During his senior year, Brotzky began recruiting students at Cornell to support women suffering from the condition. Cindy van Es, a professor of practice at Dyson, remembers when Brotzky, a former statistics student who had joined her leadership training program, called her to tell her about Mountains for Moms, the club he was creating to help women with obstetric fistula.

“Ilya is the kind of guy who says, ‘I’m going to make this happen — will you brainstorm with me?’” says van Es, who became the club’s faculty advisor. “Sometimes these ideas don’t necessarily survive the founders, but the club survived for five or six years after he founded it.”

Mountains for Moms sponsored a fundraising trip to climb Mount Kilimanjaro in Tanzania during winter break in 2010. Brotzky led a group of 11 Cornell students and alumni who scaled the mountain and generated $8,000 for Operation Fistula.

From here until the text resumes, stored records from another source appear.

(* Let $A\in\mathscr{D}\mathrm{iag}$ with $L(A)>0$. There are constants $\delta=\delta(A)>0$ and $\bar n=\bar n(A)\in\mathbb{N}$ such that if $B\in\mathrm{SL}_2(\mathbb{R})^k$ is any cocycle with $d(B,A)\le\delta$, then for all scales $n$ with $\bar n\le n\le\big(\log d(B,\mathscr{D}\mathrm{iag})^{-1}\big)^{3/4}$ we have $$L_n(B)\ge\frac{L(A)}3,\qquad |L_{2n}(B)-L_n(B)|\le2n^{-1/5},$$ $$\mathbb{P}\Big[\Big|\tfrac1n\log\|B^{(n)}\|-L_n(B)\Big|>n^{-1/5}\Big]\le e^{-n^{1/3}}.$$
   Context: $\mathrm{SL}_2(\mathbb{R})$ denotes real $2\times2$ matrices with determinant $\pm1$. $\Sigma=\{1,\dots,k\}$, $p$ a probability vector with positive entries, $X=\Sigma^{\mathbb{Z}}$, $\mathbb{P}=p^{\mathbb{Z}}$ with expectation $\mathbb{E}$; a cocycle $B=(B_1,\dots,B_k)$ has iterates $B^{(n)}(x)=B_{x_{n-1}}\cdots B_{x_0}$ and Lyapunov exponent $L(B)$; $d(A,B)=\max_j\|A_j-B_j\|$. $\mathscr{D}\mathrm{iag}$ is the set of cocycles with two transversal lines invariant under all matrices, $d(B,\mathscr{D}\mathrm{iag})=\inf_{D\in\mathscr{D}\mathrm{iag}}d(B,D)$ (if it is $0$, the upper bound on $n$ is $+\infty$). The finite scale Lyapunov exponent is $L_n(B)=\mathbb{E}[\frac1n\log\|B^{(n)}\|]$. *)

theory Defs
  imports "HOL-Probability.Probability"
begin

type_synonym mat2 = "real^2^2"

definition mnorm :: "mat2 \<Rightarrow> real" where
  "mnorm A = onorm (\<lambda>v. A *v v)"

text \<open>SL_2(R) in the paper's sense: determinant +1 or -1.\<close>
definition SL2 :: "mat2 set" where
  "SL2 = {A. \<bar>det A\<bar> = 1}"

definition cocycle_dist :: "('s::finite \<Rightarrow> mat2) \<Rightarrow> ('s \<Rightarrow> mat2) \<Rightarrow> real" where
  "cocycle_dist A B = Max (range (\<lambda>j. mnorm (A j - B j)))"

fun iterate :: "('s \<Rightarrow> mat2) \<Rightarrow> nat \<Rightarrow> (int \<Rightarrow> 's) \<Rightarrow> mat2" where
  "iterate B 0 x = mat 1"
| "iterate B (Suc n) x = B (x (int n)) ** iterate B n x"

definition bernoulli :: "'s pmf \<Rightarrow> (int \<Rightarrow> 's) measure" where
  "bernoulli p = PiM UNIV (\<lambda>_::int. measure_pmf p)"

definition Ln :: "'s pmf \<Rightarrow> ('s \<Rightarrow> mat2) \<Rightarrow> nat \<Rightarrow> real" where
  "Ln p B n = integral\<^sup>L (bernoulli p) (\<lambda>x. ln (mnorm (iterate B n x)) / real n)"

definition Lyap :: "'s pmf \<Rightarrow> ('s \<Rightarrow> mat2) \<Rightarrow> real" where
  "Lyap p B = lim (\<lambda>n. Ln p B n)"

definition Diag :: "('s \<Rightarrow> mat2) set" where
  "Diag = {D. (\<forall>j. D j \<in> SL2) \<and>
     (\<exists>u v :: real^2. u \<noteq> 0 \<and> v \<noteq> 0 \<and> \<not> (\<exists>c. v = c *\<^sub>R u) \<and>
        (\<forall>j. (\<exists>a. D j *v u = a *\<^sub>R u) \<and> (\<exists>b. D j *v v = b *\<^sub>R v)))}"

definition dist_Diag :: "('s::finite \<Rightarrow> mat2) \<Rightarrow> real" where
  "dist_Diag B = Inf ((\<lambda>D. cocycle_dist B D) ` Diag)"

end

(*
  If the matrices D_j share invariant unit vectors u, v with eigenvalues a_j, b_j, then
  |a_j b_j| = 1, and ||D^(n)(x)|| equals exp |S_n(x)| up to the factor 2 / |det (u, v)|,
  where S_n is the Birkhoff sum of ln |a_j|.  Hence L_n(D) lies between L(D) = |E ln |a||
  and L(D) + O(1/n) + E |S_n/n - E ln |a||, and Hoeffding's inequality controls both the
  deviations of (1/n) ln ||D^(n)|| from L_n(D) and the difference L_2n(D) - L_n(D), with
  constants depending only on a bound for ||D_j|| and on the angle between u and v.

  As L(A) > 0, some A_j has two distinct eigenvalues, so the invariant lines of every
  diagonal cocycle D near A make an angle bounded below, and comparing L_n(D) with L_n(A)
  at one fixed scale n gives L(D) >= L(A)/2.  A cocycle B near A lies within 2 d(B, Diag)
  of such a D, and for n <= (ln (1 / d(B, Diag)))^(3/4) the iterates of B and D differ by
  at most C^(2n) d(B, Diag), which is much smaller than n^(-1/5); so the estimates for D
  transfer to B.
*)

theory Submission
  imports Defs "HOL-Real_Asymp.Real_Asymp"
begin

section \<open>Vectors and matrices in the plane\<close>

lemma norm_vec2_sq: "(norm (x::real^2))^2 = (x$1)^2 + (x$2)^2"
  by (simp add: norm_vec_def L2_set_def sum_2)

lemma vec2_eq_iff: "(x::real^2) = y \<longleftrightarrow> x$1 = y$1 \<and> x$2 = y$2"
  by (simp add: vec_eq_iff forall_2)

lemma mat2_mult_vec_nth:
  "((A::mat2) *v x) $ 1 = A$1$1 * x$1 + A$1$2 * x$2"
  "((A::mat2) *v x) $ 2 = A$2$1 * x$1 + A$2$2 * x$2"
  by (simp_all add: matrix_vector_mult_def sum_2)

lemma mnorm_mult_vec_le: "norm (A *v w) \<le> mnorm A * norm w"
  unfolding mnorm_def using onorm[OF matrix_vector_mul_bounded_linear] by blast

lemma mnorm_le: "(\<And>w. norm (A *v w) \<le> c * norm w) \<Longrightarrow> mnorm A \<le> c"
  unfolding mnorm_def by (rule onorm_le)

lemma mnorm_nonneg: "0 \<le> mnorm A"
  unfolding mnorm_def by (rule onorm_pos_le[OF matrix_vector_mul_bounded_linear])

lemma abs_nth_le_mnorm: "\<bar>A $ i $ j\<bar> \<le> mnorm A"
  unfolding mnorm_def by (rule matrix_component_le_onorm)

lemma mnorm_zero [simp]: "mnorm 0 = 0"
  using mnorm_le[of 0 0] mnorm_nonneg[of 0] by simp

lemma mnorm_add_le: "mnorm (A + B) \<le> mnorm A + mnorm B"
proof (rule mnorm_le)
  fix w
  have "norm ((A + B) *v w) \<le> norm (A *v w) + norm (B *v w)"
    by (simp add: matrix_vector_mult_add_rdistrib norm_triangle_ineq)
  also have "\<dots> \<le> (mnorm A + mnorm B) * norm w"
    using mnorm_mult_vec_le[of A w] mnorm_mult_vec_le[of B w] by (simp add: algebra_simps)
  finally show "norm ((A + B) *v w) \<le> (mnorm A + mnorm B) * norm w" .
qed

lemma mnorm_mult_le: "mnorm (A ** B) \<le> mnorm A * mnorm B"
proof (rule mnorm_le)
  fix w
  have "norm ((A ** B) *v w) \<le> mnorm A * norm (B *v w)"
    by (simp add: matrix_vector_mul_assoc[symmetric] mnorm_mult_vec_le)
  also have "\<dots> \<le> mnorm A * mnorm B * norm w"
    by (simp add: mult.assoc mult_left_mono mnorm_mult_vec_le mnorm_nonneg)
  finally show "norm ((A ** B) *v w) \<le> mnorm A * mnorm B * norm w" .
qed

lemma mnorm_minus_commute: "mnorm (A - B) = mnorm (B - A)"
proof -
  have "mnorm (A - B) \<le> mnorm (B - A)" for A B :: mat2
  proof (rule mnorm_le)
    fix w
    have "norm ((A - B) *v w) = norm ((B - A) *v w)"
      by (simp add: matrix_vector_mult_diff_rdistrib norm_minus_commute)
    then show "norm ((A - B) *v w) \<le> mnorm (B - A) * norm w"
      using mnorm_mult_vec_le by simp
  qed
  then show ?thesis by (meson antisym)
qed

lemma mnorm_le_add_diff: "mnorm A \<le> mnorm B + mnorm (A - B)"
  using mnorm_add_le[of B "A - B"] by simp

lemma mnorm_diff_triangle: "mnorm (A - C) \<le> mnorm (A - B) + mnorm (B - C)"
  using mnorm_add_le[of "A - B" "B - C"] by simp

definition det2 :: "real^2 \<Rightarrow> real^2 \<Rightarrow> real" where
  "det2 u v = u$1 * v$2 - u$2 * v$1"

lemma det2_sq_plus_inner_sq: "(det2 u v)^2 + (u \<bullet> v)^2 = (norm u)^2 * (norm v)^2"
  unfolding norm_vec2_sq by (simp add: det2_def inner_vec_def sum_2 power2_eq_square algebra_simps)

lemma abs_det2_le: "\<bar>det2 u v\<bar> \<le> norm u * norm v"
proof -
  have "(det2 u v)^2 \<le> (norm u)^2 * (norm v)^2"
    by (simp add: det2_sq_plus_inner_sq[symmetric])
  then have "\<bar>det2 u v\<bar>^2 \<le> (norm u * norm v)^2" by (simp add: power_mult_distrib)
  then show ?thesis by (rule power2_le_imp_le) simp
qed

lemma det2_neq_0_if_not_parallel:
  assumes "u \<noteq> 0" "\<not> (\<exists>c. v = c *\<^sub>R u)"
  shows "det2 u v \<noteq> 0"
proof
  assume d: "det2 u v = 0"
  show False
  proof (cases "u$1 = 0")
    case True
    with assms(1) have "u$2 \<noteq> 0" by (simp add: vec2_eq_iff)
    with d True have "v = (v$2 / u$2) *\<^sub>R u" by (simp add: vec2_eq_iff det2_def field_simps)
    with assms(2) show False by blast
  next
    case False
    with d have "v = (v$1 / u$1) *\<^sub>R u" by (simp add: vec2_eq_iff det2_def field_simps)
    with assms(2) show False by blast
  qed
qed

The club continued the trip for several years, raising another $42,000.

“I got really lucky getting into Cornell and in different parts of my life,” says Brotzky. “I felt like I wanted to do something to pay it forward to the universe.”

While many Dyson students end up working on Wall Street, van Es knew that Brotzky would chart his own path and become an entrepreneur. “Ilya always marched to his own drum,” she says. “He knew he was going to do something entrepreneurial from the beginning.”

A switch into tech recruitment

Instead of heading to New York after graduation, Brotzky landed in Brazil to work as a management trainee at Vale, the world’s second-largest mining company. While he didn’t enjoy working for a large firm, he loved Brazil, where he met his wife, Giselle Guimarãesis, and later joined two startups offering online courses in career planning.

Because he figured other people would also want to move to Brazil, Brotzky created a platform called Brazil Career Blueprint to provide courses on how to settle in the country. His friends, however, insisted that his business model should be reversed: instead of trying to attract people to Brazil, he should focus on helping Brazilians move to Canada.

When he returned to Canada, he started an online course to teach soft skills to Brazilian tech workers who wanted to immigrate to Vancouver. Within a year, employers across Canada were asking to hire his students and he began expanding the company throughout the country.

In 2015, Brotzky and Guimarãesis launched VanHack; since then, it has grown into a multimillion-dollar company that employs 100 people worldwide. Most of the tech workers it places are from Brazil, Nigeria and India, while the firms recruiting them are primarily in North America and Europe.

Ilya Brotzky standing and posing with 10 men and women, all smiling, in front of a window and with VanHack signage in the foreground and background.
Ilya Brotzky with VanHack team members at the 2022 HR Tech Group conference

Though the company has recently focused on relocating tech workers from Ukraine, Brotzky notes that VanHack also regularly places software engineers from Russia. “I’m just trying to help people get out of a bad situation,” he says. “We have people from all over the world who want to go and move to a better country, whatever that country might be for them.”